Randolph was subsequently arrested at a Quik Chek, and Griesemer identified him. Griesemer and another officer subsequently found the handgun along the route Randolph took when he ran from the Thunderbird. The car was impounded, but during a subsequent search, conducted pursuant to a warrant, no additional weapons were found.

Judge Citta credited the officers' testimony and determined that Griesemer had, under the totality of the circumstances, reasonable suspicion that this tan Thunderbird held persons involved in the Jackson shooting. He found that the car matched the description and had only one occupant more than N.S. reported. In addition, the car had turned off the road on which it was traveling as soon as Griesemer followed it.

The judge also found that after Griesemer saw Randolph drop the gun, the officer had additional cause to believe that he was dealing with the persons and the car involved in the shooting. The judge concluded that after seeing the gun and Randolph's flight, Griesemer acted reasonably by looking into the car from the outside for additional weapons or evidence.

We must uphold Judge Citta's factual findings because they are "supported by sufficient credible evidence in the record." State v. Elders, 192 N.J. 224, 243 (2007) (internal quotations omitted). We accept his conclusions because they are consistent with the controlling legal principles.
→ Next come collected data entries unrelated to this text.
theorem lemma7p3:
  fixes n :: nat and C :: "nat set set"
    and H :: "nat \<Rightarrow> 'a::euclidean_space \<times> real" and X :: "'a set"
  assumes "stable_pair n H X" and "C = hcode n H X"
  shows "\<exists>(H' :: nat \<Rightarrow> 'a \<times> real) (m :: nat) (B :: nat \<Rightarrow> 'a \<times> real).
           (\<forall>j\<in>{1..m}. valid_hyp (B j)) \<and>
           bounded (\<Inter>j\<in>{1..m}. hpos (B j)) \<and>
           stable_pair n H' (\<Inter>j\<in>{1..m}. hpos (B j)) \<and>
           C = hcode n H' (\<Inter>j\<in>{1..m}. hpos (B j)) \<and>
           generic_intersections (join_fam H' B) (Inl ` {1..n} \<union> Inr ` {1..m})"
proof -
  obtain m :: nat and a b and e :: real where a: "\<forall>j\<in>{1..m}. a j \<noteq> 0"
    and K: "compact {x. \<forall>j\<in>{1..m}. a j \<bullet> x \<le> b j}" and "0 < e"
    and code: "\<And>c d. offsets_within n H e c \<Longrightarrow> \<forall>j\<in>{1..m}. b j - e < d j \<and> d j < b j \<Longrightarrow>
       hcode n (with_offsets H c) {x. \<forall>j\<in>{1..m}. a j \<bullet> x < d j} = C"
    using polytope_realizing_code[OF assms(1)] unfolding assms(2) by blast
  obtain c d where c: "offsets_within n H e c" and d: "\<forall>j\<in>{1..m}. b j - e < d j \<and> d j < b j"
    and gen: "generic_intersections (join_fam (with_offsets H c) (\<lambda>j. (- a j, - d j)))
       (Inl ` {1..n} \<union> Inr ` {1..m})"
    using generic_perturbation[OF \<open>0 < e\<close>] by blast
  define B where "B = (\<lambda>j. (- a j, - d j))"
  have P_eq: "(\<Inter>j\<in>{1..m}. hpos (B j)) = {x. \<forall>j\<in>{1..m}. a j \<bullet> x < d j}"
    by (auto simp: B_def hpos_def)
  have "\<forall>i\<in>{1..n}. valid_hyp (with_offsets H c i)"
    using assms(1) by (simp add: stable_pair_def valid_hyp_def)
  moreover have "open (\<Inter>j\<in>{1..m}. hpos (B j))" "convex (\<Inter>j\<in>{1..m}. hpos (B j))"
    by (simp_all add: open_INT open_hpos convex_INT convex_hpos)
  ultimately have "stable_pair n (with_offsets H c) (\<Inter>j\<in>{1..m}. hpos (B j))"
    by (rule stable_pair_if_generic[OF gen[folded B_def]])
  moreover have "(\<Inter>j\<in>{1..m}. hpos (B j)) \<subseteq> {x. \<forall>j\<in>{1..m}. a j \<bullet> x \<le> b j}"
    using d unfolding P_eq by force
  then have "bounded (\<Inter>j\<in>{1..m}. hpos (B j))" by (rule bounded_subset[OF compact_imp_bounded[OF K]])
  moreover have "\<forall>j\<in>{1..m}. valid_hyp (B j)" using a by (simp add: B_def valid_hyp_def)
  moreover have "C = hcode n (with_offsets H c) (\<Inter>j\<in>{1..m}. hpos (B j))"
    using code[OF c d] unfolding P_eq by simp
  ultimately show ?thesis using gen[folded B_def] by blast
qed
An officer may make an investigatory stop when specific and articulable objective facts and the rational inferences they permit "give rise to a reasonable suspicion of criminal activity." State v. Birkenmeier, 185 N.J. 552, 561-62 (2006) (internal quotations omitted); State v. Rodriguez, 172 N.J. 117, 126-27 (2002). "Facts that might seem innocent when viewed in isolation can sustain a finding of reasonable suspicion when considered in the aggregate, so long as the officer maintains an objectively reasonable belief that the collective circumstances are consistent with criminal conduct." State v. Nishina, 175 N.J. 502, 511 (2003).

This car matched the description of a specific model and color car involved in a shooting in a town about twenty miles away. While this car had one more occupant than the one that the victims of the shooting saw, the officer did not spot the car immediately after the incident was reported. Finally, when the officer turned his patrol car around and followed the Thunderbird, the driver turned off the street on which he was traveling and onto Route 9. In the totality of those circumstances, the driver's reaction was objective behavior that gave the officer reason to suspect that the driver was avoiding contact with him. The driver's subsequent reaction when the officer followed the Thunderbird onto Route 9 promptly turning off Route 9 and onto a local street gave the officer additional reason to continue his effort to have its driver stop.

Once the passenger left the car when it came to a stop at a stop sign, dropped a gun, picked it up and ran, it was reasonable for the officer to go to the car and look inside to see if there were other firearms or evidence of the crime inside. He did not know in advance that he would find spent shell casings on the floor, and his conduct was justifiable under the plain-view exception to the warrant requirement. State v. Mann, 203 N.J. 328, 341 (2010).

Affirmed.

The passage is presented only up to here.